3. Core Negative Factors Suppressing the Market in the Medium to Long Term (Rebound Ceiling)
1. The Federal Reserve’s high-interest rate cycle continues, macro environment remains bearish
June FOMC meeting (June 17-18) market expects rates to stay unchanged, but the probability of rate hikes by year-end remains above 60%, rate cut expectations have completely vanished; the 10-year US Treasury yield remains high, and Bitcoin’s valuation, as a non-yield asset, continues to be under pressure, with no macro environment improvement.
2. All medium- and long-term daily moving averages are bearish
Price remains below the 100- and 200-day moving averages, with a strong supply pressure zone between $72,000 and $74,000; only if it stabilizes above this range can the medium-term downtrend be reversed, current rebound strength insufficient to break through.
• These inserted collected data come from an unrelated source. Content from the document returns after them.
lemma finite_HK_set:
  assumes "conductor_exps R \<noteq> {}"
  shows "finite (HK_set R)"
proof -
  have "v < 2 * Suc (cond_deg R)" if "v \<in> HK_set R" for v
  proof (rule ccontr)
    assume "\<not> ?thesis"
    then have "fps_X ^ v \<in> ideal_sq (max_ideal R)"
      using assms by (intro mem_ideal_sq_if_vanishes_below) auto
    then have "v \<in> vals (ideal_sq (max_ideal R))"
      unfolding vals_def by (intro image_eqI[of _ _ "fps_X ^ v"]) (auto simp: fps_X_power_subdegree)
    then show False using that unfolding HK_set_def by blast
  qed
  then show ?thesis by (meson finite_lessThan finite_subset lessThan_iff subsetI)
qed

lemma HK_set_eq_image_hk:
  assumes "conductor_exps R \<noteq> {}" "n = card (HK_set R)"
  shows "HK_set R = hk R ` {1..n}"
proof -
  let ?l = "sorted_list_of_set (HK_set R)"
  have "set ?l = HK_set R" "length ?l = n"
    using finite_HK_set[OF assms(1)] assms(2) by simp_all
  then have "HK_set R = {?l ! p | p. p < n}"
    by (metis set_conv_nth)
  also have "\<dots> = (\<lambda>p. ?l ! p) ` {..<n}"
    by auto
  also have "\<dots> = hk R ` {1..n}"
    unfolding hk_def image_Suc_lessThan[symmetric] image_image by simp
  finally show ?thesis .
qed

lemma HK_gens_mem_max_ideal:
  assumes "curve_ring R" "HK_gens R n y" "j \<in> {1..n}"
  shows "y j \<in> max_ideal R"
proof -
  have "HK_set R = hk R ` {1..n}"
    using assms(1,2) unfolding curve_ring_def HK_gens_def by (intro HK_set_eq_image_hk) auto
  then have "hk R j \<in> vals (max_ideal R)"
    using assms(3) unfolding HK_set_def by blast
  then have "0 < subdegree (y j)"
    using assms(2,3) vals_max_ideal_pos unfolding HK_gens_def by auto
  then show ?thesis
    using assms(2,3) unfolding HK_gens_def max_ideal_def by (auto intro: nth_less_subdegree_zero)
qed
3. Market’s stock of funds is limited, off-exchange incremental funds are scarce
US stock AI sector continues to divert global funds, overall crypto market volume remains low, relying solely on short positions’ stop-loss-driven rebounds, with no long-term incremental funds entering, raising doubts about the sustainability of the rebound.
4. Key Technical Price Levels
Support levels (from near to far)
1. Short-term strong support: $64,300 (today’s oscillation center, intraday lifeline)
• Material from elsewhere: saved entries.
lemma inner_vertex_off_axis:
  assumes l: "l \<in> pm_set n"
  shows "snd (v l) \<noteq> 0"
proof
  assume "snd (v l) = 0"
  obtain r where r: "r \<in> closed_segment (v (- int n - 1)) (v (int n + 1))" "fst r = fst (v l)" "snd r = 0"
    using axis_point_below_vertex[OF l] .
  have "v l = r" using r \<open>snd (v l) = 0\<close> by (simp add: prod_eq_iff)
  moreover have "v l \<notin> closed_segment (v (- int n - 1)) r"
    by (rule vertex_not_on_segment[OF l ends_in_pm_set(1) ends_in_pm_set(1) _ _ _ r(1)])
      (use l in \<open>auto simp: mem_pm_set_iff\<close>)
  ultimately show False by simp
qed

lemma is_up_neg:
  assumes u: "u \<in> pm_set n"
  shows "is_up v (- u) \<longleftrightarrow> \<not> is_up v u"
proof -
  have "v (- u) = - v u" using polygon_neg u by (simp add: mem_pm_set_iff)
  then show ?thesis using inner_vertex_off_axis[OF u] by (auto simp: is_up_def)
qed

lemma cross3_sign_inner_vertex:
  assumes ij: "i \<in> pm_set (Suc n)" "j \<in> pm_set (Suc n)" and l: "l \<in> pm_set n" "i < l" "l < j"
  shows "is_up v l \<Longrightarrow> cross3 (v i) (v j) (v l) > 0" "\<not> is_up v l \<Longrightarrow> cross3 (v i) (v j) (v l) < 0"
proof -
  have lR: "l \<in> pm_set (Suc n)" using l by (auto simp: mem_pm_set_iff)
  have fst_ij: "fst (v i) < fst (v l)" "fst (v l) < fst (v j)"
    using polygon_fst_less[OF ij(1) lR] polygon_fst_less[OF lR ij(2)] l by auto
  obtain q where q: "q \<in> closed_segment (v i) (v j)" "fst q = fst (v l)"
    using closed_segment_point_at_fst[of "v i" "v j" "fst (v l)"] fst_ij by auto
  obtain r where r: "r \<in> closed_segment (v (- int n - 1)) (v (int n + 1))" "fst r = fst (v l)" "snd r = 0"
    using axis_point_below_vertex[OF l(1)] .
  have cross: "cross3 (v i) (v j) (v l) = (fst (v j) - fst (v i)) * (snd (v l) - snd q)"
    using cross3_eq_vertical_offset[OF q(1)] q(2) by simp
  have off: "v l \<notin> closed_segment q r"
    by (rule vertex_not_on_segment[OF l(1) ij _ _ q(1) r(1)]) (use l in simp_all)
  show "cross3 (v i) (v j) (v l) > 0" if "is_up v l"
  proof -
    have "v l \<in> closed_segment r q" if "snd (v l) \<le> snd q"
      by (rule vertical_closed_segment) (use q r \<open>is_up v l\<close> that in \<open>simp_all add: is_up_def\<close>)
    then have "snd q < snd (v l)" using off[unfolded closed_segment_commute[of q r]] by fastforce
    then show ?thesis using cross fst_ij by simp
  qed
  show "cross3 (v i) (v j) (v l) < 0" if "\<not> is_up v l"
  proof -
    have down: "snd (v l) < 0" using that inner_vertex_off_axis[OF l(1)] by (auto simp: is_up_def)
    have "v l \<in> closed_segment q r" if "snd q \<le> snd (v l)"
      by (rule vertical_closed_segment) (use q r down that in simp_all)
    then have "snd (v l) < snd q" using off by fastforce
    then show ?thesis using cross fst_ij by (simp add: mult_pos_neg)
  qed
qed
lemma fixpoint_unique:
  assumes "\<And>s. T F s = F s" and "\<And>s. T G s = G s"
  shows "F = G"
proof
  fix s
  show "F s = G s"
    using sub_le_super[of F G s] sub_le_super[of G F s] assms by (simp add: antisym)
qed

lemma iterates_dist_le:
  assumes "\<And>s. \<bar>V s - W s\<bar> \<le> D"
  shows "\<bar>(T ^^ n) V s - (T ^^ n) W s\<bar> \<le> \<gamma> ^ n * D"
proof (induction n arbitrary: s)
  case 0
  then show ?case using assms by simp
next
  case (Suc n)
  then show ?case
    using dist_le[of "(T ^^ n) V" "(T ^^ n) W" "\<gamma> ^ n * D"] by (simp add: mult.assoc)
qed

lemma iterates_convergent: "convergent (\<lambda>n. (T ^^ n) V s)"
proof -
  define D where "D = (\<Sum>s\<in>UNIV. \<bar>T V s - V s\<bar>)"
  have "summable (\<lambda>n. (T ^^ Suc n) V s - (T ^^ n) V s)"
  proof (rule summable_comparison_test)
    have "\<bar>T V s' - V s'\<bar> \<le> D" for s'
      unfolding D_def by (rule abs_diff_le_sum_abs_diff)
    then have "\<bar>(T ^^ n) (T V) s - (T ^^ n) V s\<bar> \<le> \<gamma> ^ n * D" for n
      by (rule iterates_dist_le)
    then show "\<exists>N. \<forall>n\<ge>N. norm ((T ^^ Suc n) V s - (T ^^ n) V s) \<le> \<gamma> ^ n * D"
      by (simp only: funpow_Suc_right o_apply real_norm_def) blast
    show "summable (\<lambda>n. \<gamma> ^ n * D)"
      using discount_nonneg discount_less_one by (intro summable_mult2 summable_geometric) auto
  qed
  then have "convergent (\<lambda>n. \<Sum>k<n. (T ^^ Suc k) V s - (T ^^ k) V s)"
    by (simp add: summable_iff_convergent)
  moreover have "(\<Sum>k<n. (T ^^ Suc k) V s - (T ^^ k) V s) = (T ^^ n) V s - V s" for n
    using sum_lessThan_telescope[of "\<lambda>k. (T ^^ k) V s" n] by simp
  ultimately have "convergent (\<lambda>n. ((T ^^ n) V s - V s) + V s)"
    by (intro convergent_add convergent_const) simp
  then show ?thesis
    by simp
qed
(* Let $\kappa=(a,b,c,d)\in[-2,2]^4$, $\rho\in\mathcal H_\kappa$, and $(x,y,z)=(\operatorname{tr}\rho(AB),\operatorname{tr}\rho(BC),\operatorname{tr}\rho(CA))$. If $\rho$ is a $\mathrm{Pin}(2)$-representation but not a $\mathrm{Spin}(2)$-representation, then one of the following holds: (1) $\kappa=(0,0,0,0)$; (2) one of the following six conditions holds: $a=b=0$ and $y=z=0$; $c=d=0$ and $y=z=0$; $a=c=0$ and $x=y=0$; $b=d=0$ and $x=y=0$; $a=d=0$ and $x=z=0$; $b=c=0$ and $x=z=0$. Conversely, if $\rho\in\mathcal H_\kappa$ satisfies (1) or (2), then $\rho$ is a $\mathrm{Pin}(2)$-representation.
   Context: $M$ is a four-holed sphere with $\pi_1(M)=\langle A,B,C,D : ABCD=I\rangle$, $A,B,C,D$ the boundary classes. For $\kappa=(a,b,c,d)\in[-2,2]^4$, $\mathcal H_\kappa$ is the set of homomorphisms $\rho:\pi_1(M)\to\mathrm{SU}(2)$ with $\operatorname{tr}\rho(A)=a$, $\operatorname{tr}\rho(B)=b$, $\operatorname{tr}\rho(C)=c$, $\operatorname{tr}\rho(D)=d$. Let $p:\mathrm{SU}(2)\to\mathrm{SO}(3)$ be the double cover; $\mathrm{Pin}(2)=p^{-1}(\mathrm{O}(2))$, which has two components $\mathrm{Spin}(2)\cup\mathrm{Spin}_-(2)$, where $\mathrm{Spin}(2)$ is the identity component, the circle $\{e^{i\theta}\}$ with $e^{i\theta}=\begin{pmatrix}\cos\theta&\sin\theta\\-\sin\theta&\cos\theta\end{pmatrix}$, and $\mathrm{Spin}_-(2)$ is the other component (e.g. containing $\iota=\begin{pmatrix}i&0\\0&-i\end{pmatrix}$); all elements of $\mathrm{Spin}_-(2)$ have trace $0$. For a subgroup $G\subset\mathrm{SU}(2)$, $\rho$ is called a $G$-representation if some $\mathrm{SU}(2)$-conjugate of $\rho$ has image contained in $G$. *)

theory Defs
  imports "HOL-Analysis.Analysis"
begin

type_synonym cmat2 = "complex^2^2"

definition mat2 :: "complex \<Rightarrow> complex \<Rightarrow> complex \<Rightarrow> complex \<Rightarrow> cmat2" where
  "mat2 p q r s = (\<chi> i j. if i = 1 then (if j = 1 then p else q) else (if j = 1 then r else s))"

definition ctrans :: "cmat2 \<Rightarrow> cmat2" where
  "ctrans M = (\<chi> i j. cnj (M $ j $ i))"

definition SU2 :: "cmat2 set" where
  "SU2 = {M. M ** ctrans M = mat 1 \<and> det M = 1}"

definition eith :: "real \<Rightarrow> cmat2" where
  "eith \<theta> = mat2 (cos \<theta>) (sin \<theta>) (- sin \<theta>) (cos \<theta>)"

definition iota :: cmat2 where
  "iota = mat2 \<i> 0 0 (- \<i>)"

definition Spin2 :: "cmat2 set" where
  "Spin2 = range eith"

definition Spin2_minus :: "cmat2 set" where
  "Spin2_minus = (\<lambda>\<theta>. iota ** eith \<theta>) ` UNIV"

definition Pin2 :: "cmat2 set" where
  "Pin2 = Spin2 \<union> Spin2_minus"

text \<open>Image of the representation of pi_1(M) = <A,B,C,D | ABCD = I> determined by the
  images of the generators: the subgroup of SU(2) generated by them.\<close>
inductive_set rep_image :: "cmat2 \<Rightarrow> cmat2 \<Rightarrow> cmat2 \<Rightarrow> cmat2 \<Rightarrow> cmat2 set"
  for A B C D where
  one: "mat 1 \<in> rep_image A B C D"
| mul: "g \<in> rep_image A B C D \<Longrightarrow> X \<in> {A, B, C, D} \<Longrightarrow> g ** X \<in> rep_image A B C D"
| mulinv: "g \<in> rep_image A B C D \<Longrightarrow> X \<in> {A, B, C, D} \<Longrightarrow> g ** ctrans X \<in> rep_image A B C D"

definition is_G_rep :: "cmat2 set \<Rightarrow> cmat2 \<Rightarrow> cmat2 \<Rightarrow> cmat2 \<Rightarrow> cmat2 \<Rightarrow> bool" where
  "is_G_rep G A B C D \<longleftrightarrow>
     (\<exists>g \<in> SU2. \<forall>h \<in> rep_image A B C D. g ** h ** ctrans g \<in> G)"

text \<open>Homomorphisms pi_1(M) -> SU(2) with boundary traces kappa = (a,b,c,d),
  given by the images (A,B,C,D) of the generators.\<close>
definition H_kappa :: "real \<Rightarrow> real \<Rightarrow> real \<Rightarrow> real \<Rightarrow> (cmat2 \<times> cmat2 \<times> cmat2 \<times> cmat2) set" where
  "H_kappa a b c d = {(A, B, C, D). A \<in> SU2 \<and> B \<in> SU2 \<and> C \<in> SU2 \<and> D \<in> SU2 \<and>
      A ** B ** C ** D = mat 1 \<and>
      trace A = complex_of_real a \<and> trace B = complex_of_real b \<and>
      trace C = complex_of_real c \<and> trace D = complex_of_real d}"

end

theory Submission
  imports Defs
begin

(* Identify SU(2) with the unit quaternions, quat w v = w + v1 i + v2 j + v3 k, so that
   trace (quat w v) = 2 w.  Spin(2) consists of the unit quaternions in span {1, j} and Spin_-(2)
   of those in span {i, k}; membership in Spin_-(2) is a Z/2-grading of Pin(2), and odd elements
   are traceless.

   If a conjugate of rho lies in Pin(2) but not in Spin(2), the grading of A, B, C, D is not
   identically even, while its sum is even because ABCD = 1.  So either all four generators are
   odd, or exactly two are, and then two of AB, BC, CA are odd as well; this is the trace condition.

   Conversely, traceless elements of SU(2) are pure quaternions, and for pure p, q, r and any s,
   trace (p s) = -2 p.s and trace (p q r) = -2 det (p, q, r) on vector parts.  Hence each case of
   the condition provides a nonzero axis n orthogonal to two pure generators and parallel to the
   vector part of a third (orthogonal to three pure generators when kappa = 0).  Conjugating n onto
   the j-axis moves these three generators into Pin(2), and the fourth follows from ABCD = 1. *)

unbundle cross3_syntax

lemma mat2_nth [simp]:
  "mat2 p q r s $ 1 $ 1 = p" "mat2 p q r s $ 1 $ 2 = q"
  "mat2 p q r s $ 2 $ 1 = r" "mat2 p q r s $ 2 $ 2 = s"
  by (simp_all add: mat2_def)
2. Core support: $60,000–$63,000 (previous bottom support zone)
3. Extreme support: $59,000, a break below would open downside space, targeting around $55,000
Resistance levels (from near to far)
1. First resistance: $66,500–$67,000, the first critical hurdle for the rebound, only if it stabilizes can the recovery continue
2. Medium-term strong resistance: $72,000–$74,000, the previous decline starting point, with concentrated trapped positions, ultimate resistance for the rebound
5. Market Cycle Judgment
1. Short-term (1-3 days): Oscillating towards recovery, limited rebound space
Relying on support at $64,300 for slight upward oscillation, target $66,500–$67,000; if unable to break through $67,000, likely to return to $63,000–$65,000 range oscillation.
2. Mid-term (1-4 weeks): Overall oscillation slightly weak, trend not reversed
Unless ETF experiences continuous large inflows for several days or the Fed signals rate cuts, rebounds are still considered a continuation of the downtrend, with resistance at $74,000 difficult to break in one go.
3. Long-term: The halving supply tightening cycle remains valid, with $59,000 as the cycle’s low zone, but macro negative pressures will prolong the bottoming process.
6. Key Signals to Watch for Next
1. ETF fund flows over the next two trading days: continuous net inflows strengthen rebound sustainability; if flows turn back to outflow, the current correction will quickly end.
2. June Federal Reserve dot plot: if hawkish signals are released, this round of rebound will end immediately, testing the $60,000 level again.
3. Whether volume can stabilize above $67,000 is the core technical signal to judge the strength of the rebound.